The American right nominally has the support of half the country, but it is its own persistent self-inflicted curse that it appears far weaker and smaller than that. Despite having more than 70 million voters, the right struggles to get them outdoors holding a sign for virtually any cause. At the drop of a tweet, 5,000 liberals can be mustered in almost any city for even the most insane of causes: abolishing police, abolishing Trump, abolishing the internal combustion engine, pretty much anything. If you can think of it, a liberal has probably marched over it.

Conservatives, on the other hand, are rather languorous even for important issues and those that directly impact their lives. Cities turning into vast homeless camps? Illegal immigration? Overt racial discrimination in hiring and college admissions stretching back decades? At these, conservatives slumber. Only pro-life activism serves as a rare exception.

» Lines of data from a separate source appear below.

(* Let $R$ be a unital ring and $E$ a directed graph which is not the null graph. Let $S=M(\mathbb{Z},I)\cup\{0\}$ and let $w$ be a canonical weight mapping on $E$; view $L_R(E)$ as a canonically $S$-graded ring. If $(L_R(E))_e$ is a von Neumann regular ring for every nonzero idempotent $e\in S$, then $R$ is von Neumann regular.
   Context: Directed graph $E=(E^0,E^1,\mathrm{r},\mathrm{s})$; not null means $E^0\ne\emptyset$; paths $E^*$ (vertices as length-$0$ paths); $\mathrm{Reg}(E)$ = vertices $v$ with $\mathrm{s}^{-1}(v)$ nonempty finite. $L_R(E)$ is the $R$-algebra generated by $E^0$, $E^1$, $\{\alpha^*\}$ ($R$ commuting with generators) with relations $vv'=\delta_{v,v'}v$; $\mathrm{s}(\alpha)\alpha=\alpha\mathrm{r}(\alpha)=\alpha$, $\mathrm{r}(\alpha)\alpha^*=\alpha^*\mathrm{s}(\alpha)=\alpha^*$; $\alpha^*\alpha'=\delta_{\alpha,\alpha'}\mathrm{r}(\alpha)$; $\sum_{\mathrm{s}(\alpha)=v}\alpha\alpha^*=v$ for $v\in\mathrm{Reg}(E)$. $M(\mathbb{Z},I)=I\times\mathbb{Z}\times I$, $(i,a,j)(k,b,l)=(i,a+b,l)$ if $j=k$, else undefined; $S=M(\mathbb{Z},I)\cup\{0\}$, undefined products $0$, $0$ absorbing; $(i,a,j)^{-1}=(j,-a,i)$. Canonical weight mapping: vertices get weights $(i,0,i)$, edges $(i,1,j)$, $w(\alpha^* )=w(\alpha)^{-1}$, $w(\mathrm{s}(\alpha))w(\alpha)=w(\alpha)=w(\alpha)w(\mathrm{r}(\alpha))$; for each nonzero idempotent $f$, edges with source of weight $f$ share a weight and edges with range of weight $f$ share a weight; extended multiplicatively with $w(\mu\eta^* )=w(\mu)w(\eta)^{-1}$. $(L_R(E))_s$ = $R$-span of $\mu\eta^*$, $\mathrm{r}(\mu)=\mathrm{r}(\eta)$, $w(\mu\eta^* )=s$. *)

theory Defs
  imports Main
begin

datatype ('v,'e) gen = V 'v | Ed 'e | Gh 'e

text \<open>The semigroup S = M(Z,I) \<union> {0}: None is 0, Some (i,a,j) is (i,a,j).\<close>
type_synonym 'i S = "('i \<times> int \<times> 'i) option"

fun smult :: "'i S \<Rightarrow> 'i S \<Rightarrow> 'i S" where
  "smult (Some (i,a,j)) (Some (k,b,l)) = (if j = k then Some (i, a + b, l) else None)"
| "smult _ _ = None"

fun sinv :: "'i S \<Rightarrow> 'i S" where
  "sinv (Some (i,a,j)) = Some (j, -a, i)"
| "sinv None = None"

text \<open>Free R-algebra on the generators (R commuting with generators):
  finitely supported functions from words to R, with convolution product.\<close>
definition valid_gen :: "'v set \<Rightarrow> 'e set \<Rightarrow> ('v,'e) gen \<Rightarrow> bool" where
  "valid_gen E0 E1 g = (case g of V v \<Rightarrow> v \<in> E0 | Ed e \<Rightarrow> e \<in> E1 | Gh e \<Rightarrow> e \<in> E1)"

definition free_alg :: "'v set \<Rightarrow> 'e set \<Rightarrow> (('v,'e) gen list \<Rightarrow> 'a::ring_1) set" where
  "free_alg E0 E1 = {f. finite {w. f w \<noteq> 0} \<and> (\<forall>w. f w \<noteq> 0 \<longrightarrow> (\<forall>g\<in>set w. valid_gen E0 E1 g))}"

definition fmul :: "('g list \<Rightarrow> 'a::ring_1) \<Rightarrow> ('g list \<Rightarrow> 'a) \<Rightarrow> 'g list \<Rightarrow> 'a" where
  "fmul f g = (\<lambda>w. \<Sum>i\<in>{..length w}. f (take i w) * g (drop i w))"

definition fsub :: "('g list \<Rightarrow> 'a::ring_1) \<Rightarrow> ('g list \<Rightarrow> 'a) \<Rightarrow> 'g list \<Rightarrow> 'a" where
  "fsub f g = (\<lambda>w. f w - g w)"

definition ind :: "'g list \<Rightarrow> 'g list \<Rightarrow> 'a::ring_1" where
  "ind u = (\<lambda>w. if w = u then 1 else 0)"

So suffice it to say that the Republican party owes an enormous debt to Christopher Rufo for at least temporarily shocking the party out of its doldrums. Sure, progressives have taught more or less explicitly that ‘white = bad’ and ‘not white = good’ for well over a decade now, but Rufo did the legwork to package the rhetoric into slick easily shared tweet chains and gave it all the memorable and sinister name ‘critical race theory’. But then Rufo did something remarkable: instead of simply doing his Fox News hits and then cashing out with a book or YouTube channel or something, he strongly and emphatically urged parents to do specific things to fight critical race theory.

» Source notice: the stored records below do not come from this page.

(* Let $G=(V,E)$ be a finite connected graph with $n$ vertices and maximal degree $\Delta$. Then $\mathcal{AC}(G) \leq 20\,\Delta\, n$.
   Context: Acquaintance time: Let $G=(V,E)$ be a finite connected graph. Initially one agent is placed on each vertex. At any moment, two agents located at the endpoints of a common edge become acquainted (in particular, agents on adjacent vertices at the start are acquainted). In each round one chooses a matching of $G$ (not necessarily maximal), and for every edge of the matching the two agents on its endpoints swap places; after each round, all pairs of agents on adjacent vertices become acquainted. A sequence of matchings after which every pair of agents has been acquainted is a strategy for acquaintance in $G$. The acquaintance time $\mathcal{AC}(G)$ is the minimal number of rounds in a strategy for acquaintance in $G$. *)

theory Defs
  imports Main
begin

definition fin_graph :: "'a set \<Rightarrow> ('a \<Rightarrow> 'a \<Rightarrow> bool) \<Rightarrow> bool" where
  "fin_graph V E \<longleftrightarrow> finite V \<and> V \<noteq> {} \<and>
     (\<forall>u v. E u v \<longrightarrow> u \<in> V \<and> v \<in> V) \<and>
     (\<forall>u v. E u v \<longrightarrow> E v u) \<and> (\<forall>u. \<not> E u u)"
lemma swap_small_factor:
  assumes p: "Factorial_Ring.prime p"
    and L: "is_ideal B L" and M: "is_ideal B M" and N: "is_ideal B N" and LM: "L \<subseteq> M" and MN: "M \<subseteq> N"
    and small: "small_factor p L M"
    and r: "Factorial_Ring.prime (card (carrier (Add\<lparr>carrier := N\<rparr> Mod M)))"
      "card (carrier (Add\<lparr>carrier := N\<rparr> Mod M)) > p"
  shows "(\<exists>M'. is_ideal B M' \<and> L \<subseteq> M' \<and> M' \<subseteq> N \<and>
      card (carrier (Add\<lparr>carrier := M'\<rparr> Mod L)) = card (carrier (Add\<lparr>carrier := N\<rparr> Mod M)) \<and>
      small_factor p M' N) \<or> small_factor p L N"
  using small unfolding small_factor_def[of p L M]
proof
  assume "Factorial_Ring.prime (card (carrier (Add\<lparr>carrier := M\<rparr> Mod L))) \<and>
    card (carrier (Add\<lparr>carrier := M\<rparr> Mod L)) \<le> p"
  then show ?thesis
    using swap_small_prime_factor[OF p L M N LM MN _ _ r] by blast
next
  assume "(\<exists>z. Add.cyclic_factor L M z 0) \<and> lambda_trivial L M"
  then show ?thesis
    using swap_infinite_factor[OF p L M N LM MN _ _ r] by blast
qed

end

section \<open>Chains of small factors\<close>
lemma one_in_U_set:
  fixes G :: "'a monoid"
  assumes "group G"
  shows "\<one>\<^bsub>G\<^esub> \<in> U_set G p"
  using group.ord_id[OF assms] monoid.one_closed[OF group.is_monoid[OF assms]]
  unfolding U_set_def by simp

lemma U_set_of_prime_pow:
  fixes G :: "'a monoid" (structure)
  assumes G: "group G" and x: "x \<in> carrier G" and q: "Factorial_Ring.prime q" "q > p"
    and pow: "x [^] q \<in> U_set G p"
  shows "x \<in> U_set G p"
proof -
  interpret group G
    by (rule G)
  have "x [^] (q * ord (x [^] q)) = \<one>"
    using x by (simp flip: nat_pow_pow)
  then have ord_dvd: "ord x dvd q * ord (x [^] q)"
    using pow_eq_id[OF x] by blast
  moreover have "q * ord (x [^] q) \<noteq> 0"
    using q pow unfolding U_set_def by auto
  ultimately have "ord x \<noteq> 0"
    by (metis dvd_0_left)
  moreover have "t > p" if t: "Factorial_Ring.prime t" "t dvd ord x" for t
  proof -
    have "t dvd q * ord (x [^] q)"
      using t(2) ord_dvd by (rule dvd_trans)
    then have "t dvd q \<or> t dvd ord (x [^] q)"
      using prime_dvd_mult_iff[OF t(1)] by simp
    moreover have "t dvd q \<Longrightarrow> t = q"
      using primes_dvd_imp_eq[OF t(1) q(1)] .
    moreover have "t dvd ord (x [^] q) \<Longrightarrow> t > p"
      using pow t(1) unfolding U_set_def by blast
    ultimately show ?thesis
      using q(2) by blast
  qed
  ultimately show ?thesis
    unfolding U_set_def using x by blast
qed

context brace begin

inductive small_chain :: "nat \<Rightarrow> 'a set \<Rightarrow> 'a set \<Rightarrow> bool" for p where
  refl: "is_ideal B S \<Longrightarrow> small_chain p S S"
| step: "small_chain p S K \<Longrightarrow> is_ideal B J \<Longrightarrow> K \<subseteq> J \<Longrightarrow> small_factor p K J \<Longrightarrow> small_chain p S J"

lemma small_chain_ideals: "small_chain p S K \<Longrightarrow> is_ideal B S \<and> is_ideal B K \<and> S \<subseteq> K"
  by (induction rule: small_chain.induct) auto

lemma small_chain_push:
  assumes p: "Factorial_Ring.prime p"
  shows "small_chain p S K \<Longrightarrow> is_ideal B J \<Longrightarrow> K \<subseteq> J \<Longrightarrow>
    Factorial_Ring.prime (card (carrier (Add\<lparr>carrier := J\<rparr> Mod K))) \<Longrightarrow>
    card (carrier (Add\<lparr>carrier := J\<rparr> Mod K)) > p \<Longrightarrow>
    (\<exists>S'. is_ideal B S' \<and> S \<subseteq> S' \<and>
      card (carrier (Add\<lparr>carrier := S'\<rparr> Mod S)) = card (carrier (Add\<lparr>carrier := J\<rparr> Mod K)) \<and>
      small_chain p S' J) \<or> small_chain p S J"
proof (induction arbitrary: J rule: small_chain.induct)
  case (refl S)
  then show ?case
    using small_chain.refl by blast
next
  case (step S K0 K J)
  have K0: "is_ideal B K0" and K: "is_ideal B K"
    using small_chain_ideals[OF step.hyps(1)] step.hyps(2) by auto
  from swap_small_factor[OF p K0 K step.prems(1) step.hyps(3) step.prems(2) step.hyps(4) step.prems(3,4)]
  show ?case
  proof
    assume "\<exists>M'. is_ideal B M' \<and> K0 \<subseteq> M' \<and> M' \<subseteq> J \<and>
      card (carrier (Add\<lparr>carrier := M'\<rparr> Mod K0)) = card (carrier (Add\<lparr>carrier := J\<rparr> Mod K)) \<and>
      small_factor p M' J"
    then obtain M' where M': "is_ideal B M'" "K0 \<subseteq> M'" "M' \<subseteq> J" "small_factor p M' J"
      and card: "card (carrier (Add\<lparr>carrier := M'\<rparr> Mod K0)) = card (carrier (Add\<lparr>carrier := J\<rparr> Mod K))"
      by blast
    from step.IH[OF M'(1,2)] card step.prems(3,4) show ?case
      using small_chain.step[OF _ step.prems(1) M'(3,4)] by auto
  next
    assume "small_factor p K0 J"
    then show ?case
      using small_chain.step[OF step.hyps(1) step.prems(1)] step.hyps(3) step.prems(2) by blast
  qed
qed

lemma U_plus_subset_of_prime_factor:
  assumes S: "is_ideal B S" and S': "is_ideal B S'" and SS': "S \<subseteq> S'"
    and U: "S \<subseteq> U_plus B p \<inter> U_times B p"
    and q: "Factorial_Ring.prime q" "q > p" and card: "card (carrier (Add\<lparr>carrier := S'\<rparr> Mod S)) = q"
  shows "S' \<subseteq> U_plus B p \<inter> U_times B p"
proof
  fix x assume x: "x \<in> S'"
  then have x_carrier: "x \<in> bcar B"
    using ideal_subset[OF S'] by blast
  have "x [^]\<^bsub>Add\<^esub> q \<in> S"
    using subquotient.pow_card_mem[OF subquotient_Add_ideals[OF S S' SS'] x] card by simp
  moreover have "x [^]\<^bsub>Mul\<^esub> q \<in> S"
    using subquotient.pow_card_mem[OF subquotient_Mul_ideals[OF S S' SS'] x] card
      factor_carrier_Mul_eq[OF S ideal_subset[OF S']] by simp
  ultimately show "x \<in> U_plus B p \<inter> U_times B p"
    using U U_set_of_prime_pow[OF Add.is_group _ q] U_set_of_prime_pow[OF Mul.is_group _ q] x_carrier
    unfolding U_plus_def U_times_def by auto
qed

lemma small_factor_cases:
  assumes small: "small_factor p L M" and m: "\<forall>t. Factorial_Ring.prime t \<and> t dvd m \<longrightarrow> t > p"
  shows "((\<exists>z. Add.cyclic_factor L M z 0) \<and> lambda_trivial L M) \<or>
    (Factorial_Ring.prime (card (carrier (Add\<lparr>carrier := M\<rparr> Mod L))) \<and>
     coprime m (card (carrier (Add\<lparr>carrier := M\<rparr> Mod L))))"
  using small unfolding small_factor_def
proof
  assume c: "Factorial_Ring.prime (card (carrier (Add\<lparr>carrier := M\<rparr> Mod L))) \<and>
    card (carrier (Add\<lparr>carrier := M\<rparr> Mod L)) \<le> p"
  then have "\<not> card (carrier (Add\<lparr>carrier := M\<rparr> Mod L)) dvd m"
    using m by (meson not_le)
  then have "coprime m (card (carrier (Add\<lparr>carrier := M\<rparr> Mod L)))"
    using c prime_imp_coprime coprime_commute by blast
  then show ?thesis
    using c by blast
qed blast

lemma U_plus_mem_of_small_factor:
  assumes L: "is_ideal B L" and M: "is_ideal B M" and LM: "L \<subseteq> M" and small: "small_factor p L M"
    and x: "x \<in> M" "x \<in> U_plus B p"
  shows "x \<in> L"
proof -
  interpret Q: subquotient Add L M
    using subquotient_Add_ideals[OF L M LM] .
  have "Add.ord x > 0" and primes: "\<forall>t. Factorial_Ring.prime t \<and> t dvd Add.ord x \<longrightarrow> t > p"
    using x(2) unfolding U_plus_def U_set_def by auto
  moreover have "x [^]\<^bsub>Add\<^esub> Add.ord x \<in> L"
    using x Add.pow_ord_eq_1 subgroup.one_closed[OF normal_imp_subgroup[OF ideal_normal_Add[OF L]]]
    unfolding U_plus_def U_set_def by auto
  ultimately show ?thesis
    using Q.mem_of_pow_mem[OF x(1)] small_factor_cases[OF small primes] by blast
qed

lemma U_times_mem_of_small_factor:
  assumes L: "is_ideal B L" and M: "is_ideal B M" and LM: "L \<subseteq> M" and small: "small_factor p L M"
    and x: "x \<in> M" "x \<in> U_times B p"
  shows "x \<in> L"
proof -
  interpret Q: subquotient Mul L M
    using subquotient_Mul_ideals[OF L M LM] .
  have "Mul.ord x > 0" and primes: "\<forall>t. Factorial_Ring.prime t \<and> t dvd Mul.ord x \<longrightarrow> t > p"
    using x(2) unfolding U_times_def U_set_def by auto
  moreover have "x [^]\<^bsub>Mul\<^esub> Mul.ord x \<in> L"
    using x Mul.pow_ord_eq_1 subgroup.one_closed[OF normal_imp_subgroup[OF ideal_normal_Mul[OF L]]]
    unfolding U_times_def U_set_def by auto
  moreover have "(\<exists>z. Mul.cyclic_factor L M z 0) \<or>
    (Factorial_Ring.prime (card (carrier Q.K)) \<and> coprime (Mul.ord x) (card (carrier Q.K)))"
    using small_factor_cases[OF small primes]
  proof
    assume "(\<exists>z. Add.cyclic_factor L M z 0) \<and> lambda_trivial L M"
    then show ?thesis
      using cyclic_factor_Mul_of_lambda_trivial[OF L M LM] by blast
  qed (use factor_carrier_Mul_eq[OF L ideal_subset[OF M]] in simp)
  ultimately show ?thesis
    using Q.mem_of_pow_mem[OF x(1)] by blast
qed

And lo! Parents actually responded. They began making FOIA requests, and harassing administrators, and showing up at school board meetings, and lobbying state legislators, and all told being enormous bothers about critical race theory. Some have been so bothersome that deranged teachers have made enemies lists of them.

From critical race theory, the energy has grown. The same parents who have learned that, actually, you can complain about sinister race propaganda in public schools have also been emboldened to resist another new American cult, the cult of the mask. If this continues, Republicans might actually have genuine

But there are already ominous signs that the movement will be petering out. And by that, Cockburn means that school board meeting shenanigans have become a fad for conservative talking heads to join in.

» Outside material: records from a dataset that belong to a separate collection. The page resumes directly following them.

lemma gagliardo_half_seminorm_bounds:
  fixes \<Omega> :: "(real^2) set" and f :: "real^2 \<Rightarrow> real" and g :: "real^2 \<Rightarrow> real^2"
  assumes "convex \<Omega>" "bounded \<Omega>"
    and deriv: "\<And>z. z \<in> interior \<Omega> \<Longrightarrow> (f has_derivative (\<lambda>k. g z \<bullet> k)) (at z)"
    and g_continuous: "continuous_on (interior \<Omega>) g" and g_bound: "\<And>z. z \<in> interior \<Omega> \<Longrightarrow> norm (g z) \<le> B"
    and f_bound: "\<And>x. x \<in> \<Omega> \<Longrightarrow> \<bar>f x\<bar> \<le> M" and "0 \<le> M" and "0 < r" "r \<le> R"
  defines "LHS \<equiv> (LINT x:\<Omega>|lebesgue. LINT y:\<Omega>|lebesgue. (f x - f y)^2 / (dist x y)^3)"
    and "A \<equiv> pi * r * (LINT x:\<Omega>|lebesgue. (norm (g x))^2) + 8 * ln (R / r) * M * (LINT x:\<Omega>|lebesgue. norm (g x))"
    and "c \<equiv> 4 * pi * (if R < diameter \<Omega> then 1 else 0) / R * M"
  shows "LHS \<le> A + c * (diameter \<Omega> * (LINT x:\<Omega>|lebesgue. norm (g x)))"
    and "LHS \<le> A + c * (2 * measure lebesgue \<Omega> * M)"
proof -
  define a2 where "a2 = (LINT x:\<Omega>|lebesgue. (norm (g x))^2)"
  define a1 where "a1 = (LINT x:\<Omega>|lebesgue. norm (g x))"
  define \<delta> where "\<delta> = diameter \<Omega>"
  define G where "G z = indicator (interior \<Omega>) z *\<^sub>R g z" for z
  have [measurable]: "G \<in> borel_measurable borel"
    unfolding G_def using g_continuous by (intro borel_measurable_continuous_on_indicator) auto
  have G_continuous: "continuous_on (interior \<Omega>) G"
    using g_continuous by (rule continuous_on_eq) (simp add: G_def)
  have G_derivative: "(f has_derivative (\<lambda>k. G z \<bullet> k)) (at z)" if "z \<in> interior \<Omega>" for z
    using deriv[OF that] that by (simp add: G_def)
  have norm_G: "(\<lambda>z. norm (G z)) \<in> borel_measurable borel"
    using measurable_compose[OF \<open>G \<in> borel_measurable borel\<close> borel_measurable_norm] by (simp add: o_def)
  have a2: "ennreal a2 = (\<integral>\<^sup>+z. ennreal (norm (G z) ^ 2) \<partial>lborel)"
    unfolding a2_def using borel_measurable_power[OF norm_G] g_bound
    by (intro ennreal_set_integral_eq_nn_integral_interior[where B="B^2", OF \<open>convex \<Omega>\<close> \<open>bounded \<Omega>\<close>])
      (auto simp: G_def intro: power_mono)
  have a1: "ennreal a1 = (\<integral>\<^sup>+z. ennreal (norm (G z)) \<partial>lborel)"
    unfolding a1_def using norm_G g_bound
    by (intro ennreal_set_integral_eq_nn_integral_interior[where B=B, OF \<open>convex \<Omega>\<close> \<open>bounded \<Omega>\<close>])
      (auto simp: G_def)
  have lhs: "ennreal LHS
      \<le> (\<integral>\<^sup>+x\<in>interior \<Omega>. (\<integral>\<^sup>+y\<in>interior \<Omega>. ennreal ((f x - f y)^2 / dist x y ^ 3) \<partial>lborel) \<partial>lborel)"
    unfolding LHS_def by (rule ennreal_double_set_integral_le_nn_integral_interior[OF \<open>convex \<Omega>\<close>]) simp
  have "dist x y \<le> \<delta>" if "x \<in> interior \<Omega>" "y \<in> interior \<Omega>" for x y
    unfolding \<delta>_def using \<open>bounded \<Omega>\<close> that interior_subset by (blast intro: diameter_bounded_bound)
  note segment_assms = convex_interior[OF \<open>convex \<Omega>\<close>] borel_open[OF open_interior] G_derivative G_continuous
    \<open>G \<in> borel_measurable borel\<close> f_bound[OF interior_subset[THEN subsetD]] \<open>0 \<le> M\<close> this \<open>0 < r\<close> \<open>r \<le> R\<close>
  have "0 \<le> a2" "0 \<le> a1" "0 \<le> c" "0 \<le> c * \<delta>" "0 \<le> ln (R / r)"
    unfolding a2_def a1_def set_lebesgue_integral_def c_def \<delta>_def using \<open>0 \<le> M\<close> \<open>0 < r\<close> \<open>r \<le> R\<close>
    by (auto intro!: Bochner_Integration.integral_nonneg)
  have "ennreal LHS \<le> ennreal (pi * r * a2 + (8 * M * ln (R / r) + c * \<delta>) * a1)"
  proof -
    have "8 * M * ln (R / r) + 4 * pi * M * (if R < \<delta> then 1 else 0) * \<delta> / R = 8 * M * ln (R / r) + c * \<delta>"
      by (simp add: c_def \<delta>_def)
    then show ?thesis
      using order_trans[OF lhs nn_integral_difference_quotient_le_gradient[OF segment_assms, folded a2 a1]]
        \<open>0 < r\<close> \<open>0 \<le> a2\<close> \<open>0 \<le> a1\<close> \<open>0 \<le> c * \<delta>\<close> \<open>0 \<le> M\<close> \<open>0 \<le> ln (R / r)\<close>
      by (simp add: ennreal_plus ennreal_mult')
  qed
  moreover have "0 \<le> pi * r * a2 + (8 * M * ln (R / r) + c * \<delta>) * a1"
    using \<open>0 < r\<close> \<open>0 \<le> a2\<close> \<open>0 \<le> a1\<close> \<open>0 \<le> c * \<delta>\<close> \<open>0 \<le> M\<close> \<open>0 \<le> ln (R / r)\<close> by simp
  ultimately show "LHS \<le> A + c * (diameter \<Omega> * (LINT x:\<Omega>|lebesgue. norm (g x)))"
    unfolding A_def a2_def[symmetric] a1_def[symmetric] \<delta>_def[symmetric] by (simp add: ennreal_le_iff algebra_simps)
  have "ennreal LHS \<le> ennreal (pi * r * a2 + 8 * M * ln (R / r) * a1 + measure lebesgue \<Omega> * (c * (2 * M)))"
  proof -
    have "ennreal (measure lebesgue \<Omega>) * ennreal (8 * pi * M^2 * (if R < \<delta> then 1 else 0) / R)
        = ennreal (measure lebesgue \<Omega> * (c * (2 * M)))"
      by (subst ennreal_mult'[symmetric]) (simp_all add: c_def \<delta>_def power2_eq_square mult_ac)
    then show ?thesis
      using order_trans[OF lhs nn_integral_difference_quotient_le_sup[OF segment_assms, folded a2 a1,
          unfolded emeasure_interior_convex[OF \<open>convex \<Omega>\<close> \<open>bounded \<Omega>\<close>]]]
        \<open>0 < r\<close> \<open>0 \<le> a2\<close> \<open>0 \<le> a1\<close> \<open>0 \<le> c\<close> \<open>0 \<le> M\<close> \<open>0 \<le> ln (R / r)\<close>
      by (simp add: ennreal_plus ennreal_mult' del: times_divide_eq_right)
  qed
  moreover have "0 \<le> pi * r * a2 + 8 * M * ln (R / r) * a1 + measure lebesgue \<Omega> * (c * (2 * M))"
    using \<open>0 < r\<close> \<open>0 \<le> a2\<close> \<open>0 \<le> a1\<close> \<open>0 \<le> c\<close> \<open>0 \<le> M\<close> \<open>0 \<le> ln (R / r)\<close> by simp
  ultimately show "LHS \<le> A + c * (2 * measure lebesgue \<Omega> * M)"
    unfolding A_def a2_def[symmetric] a1_def[symmetric] by (simp add: ennreal_le_iff algebra_simps)
qed

lemma grad_eq_of_has_derivative:
  assumes "(f has_derivative (\<lambda>k. v \<bullet> k)) (at z)"
  shows "grad f z = v"
proof -
  have "frechet_derivative f (at z) = (\<lambda>k. v \<bullet> k)"
    using frechet_derivative_at[OF assms] by simp
  then show ?thesis
    by (simp add: grad_def vec_eq_iff inner_axis)
qed

lemma smooth_on_closure_gradient:
  assumes "smooth_on_closure f \<Omega>" "bounded \<Omega>"
  shows "\<And>z. z \<in> interior \<Omega> \<Longrightarrow> (f has_derivative (\<lambda>k. grad f z \<bullet> k)) (at z)"
    and "continuous_on (interior \<Omega>) (grad f)"
    and "\<exists>B. \<forall>z\<in>interior \<Omega>. norm (grad f z) \<le> B"
    and "bounded (f ` \<Omega>)"
proof -
  from assms(1) obtain D where D_f: "\<forall>x\<in>closure \<Omega>. D [] x = f x"
    and D_continuous: "\<forall>is. continuous_on (closure \<Omega>) (D is)"
    and D_derivative: "\<forall>is. \<forall>x\<in>interior \<Omega>. (D is has_derivative (\<lambda>h. \<Sum>i\<in>UNIV. h $ i * D (i # is) x)) (at x)"
    unfolding smooth_on_closure_def by blast
  define g where "g z = (\<chi> i. D [i] z)" for z
  have "continuous_on (closure \<Omega>) g"
    unfolding g_def using D_continuous by (intro continuous_on_vec_lambda) blast
  have f_derivative: "(f has_derivative (\<lambda>k. g z \<bullet> k)) (at z)" if "z \<in> interior \<Omega>" for z
  proof -
    have "(D [] has_derivative (\<lambda>k. g z \<bullet> k)) (at z)"
      using D_derivative that by (simp add: g_def inner_vec_def mult.commute)
    then show ?thesis
      by (rule has_derivative_transform_within_open[OF _ open_interior that])
        (use D_f interior_subset closure_subset in blast)
  qed
  then have grad_g: "grad f z = g z" if "z \<in> interior \<Omega>" for z
    using that by (simp add: grad_eq_of_has_derivative)
  show "(f has_derivative (\<lambda>k. grad f z \<bullet> k)) (at z)" if "z \<in> interior \<Omega>" for z
    using f_derivative[OF that] grad_g[OF that] by simp
  show "continuous_on (interior \<Omega>) (grad f)"
    using continuous_on_subset[OF \<open>continuous_on (closure \<Omega>) g\<close> order_trans[OF interior_subset closure_subset]]
    by (rule continuous_on_eq) (simp add: grad_g)
  have "continuous_on (closure \<Omega>) f"
    using D_continuous by (rule continuous_on_eq[OF spec[of _ "[]"]]) (use D_f in simp)
  then have "bounded (f ` closure \<Omega>)" "bounded (g ` closure \<Omega>)"
    using \<open>continuous_on (closure \<Omega>) g\<close> \<open>bounded \<Omega>\<close>
    by (auto intro!: compact_imp_bounded compact_continuous_image simp: compact_closure)
  show "bounded (f ` \<Omega>)"
    using \<open>bounded (f ` closure \<Omega>)\<close> by (rule bounded_subset) (intro image_mono closure_subset)
  from \<open>bounded (g ` closure \<Omega>)\<close> obtain B where "\<forall>z\<in>closure \<Omega>. norm (g z) \<le> B"
    by (auto simp: bounded_iff)
  then have "norm (grad f z) \<le> B" if "z \<in> interior \<Omega>" for z
    using that grad_g[OF that] interior_subset[of \<Omega>] closure_subset[of \<Omega>] by auto
  then show "\<exists>B. \<forall>z\<in>interior \<Omega>. norm (grad f z) \<le> B"
    by blast
qed

theorem lemma3p1:
  fixes \<Omega> :: "(real^2) set" and f :: "real^2 \<Rightarrow> real" and r R :: real
  assumes "bounded \<Omega>" and "convex \<Omega>"
    and "smooth_on_closure f \<Omega>"
    and "0 < r" and "r \<le> R"
  shows "(LINT x:\<Omega>|lebesgue. LINT y:\<Omega>|lebesgue. (f x - f y)^2 / (dist x y)^3)
     \<le> pi * r * (LINT x:\<Omega>|lebesgue. (norm (grad f x))^2)
       + 8 * ln (R / r) * sup_norm_on f \<Omega> * (LINT x:\<Omega>|lebesgue. norm (grad f x))
       + 4 * pi * (if R < diameter \<Omega> then 1 else 0) / R * sup_norm_on f \<Omega>
           * min (diameter \<Omega> * (LINT x:\<Omega>|lebesgue. norm (grad f x)))
                 (2 * measure lebesgue \<Omega> * sup_norm_on f \<Omega>)"
proof (cases "\<Omega> = {}")
  case False
  note gradient = smooth_on_closure_gradient[OF \<open>smooth_on_closure f \<Omega>\<close> \<open>bounded \<Omega>\<close>]
  obtain B where B: "\<And>z. z \<in> interior \<Omega> \<Longrightarrow> norm (grad f z) \<le> B"
    using gradient(3) by blast
  have "bdd_above ((\<lambda>x. \<bar>f x\<bar>) ` \<Omega>)"
    using gradient(4) by (auto simp: bounded_iff bdd_above_def)
  then have sup_norm: "\<bar>f x\<bar> \<le> sup_norm_on f \<Omega>" if "x \<in> \<Omega>" for x
    unfolding sup_norm_on_def using that by (rule cSUP_upper2) simp
  with False have "0 \<le> sup_norm_on f \<Omega>"
    by (meson abs_ge_zero ex_in_conv order_trans)
  note bounds = gagliardo_half_seminorm_bounds[OF \<open>convex \<Omega>\<close> \<open>bounded \<Omega>\<close> gradient(1,2) B sup_norm this
      \<open>0 < r\<close> \<open>r \<le> R\<close>]
  show ?thesis
    using bounds by (simp add: min_def)
qed (use \<open>0 < r\<close> \<open>r \<le> R\<close> in \<open>simp add: set_lebesgue_integral_def\<close>)

end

On Tuesday night in Williamson County, Tennessee, Outkick.com proprietor and supposed Rush Limbaugh heir Clay Travis delivered a speech slamming a planned making policy for children, then pranced over to a TV studio to do a segment with Tucker Carlson.

Just a few miles to the north, Daily Wire blogger Matt Walsh showed up at a Nashville school board meeting to berate the board for two minutes, then upload the clip on Twitter to pick up 860,000 viewers (and counting).

But wait a minute! Walsh literally doesn’t have children in Nashville public schools. He is, very loudly, a homeschooler.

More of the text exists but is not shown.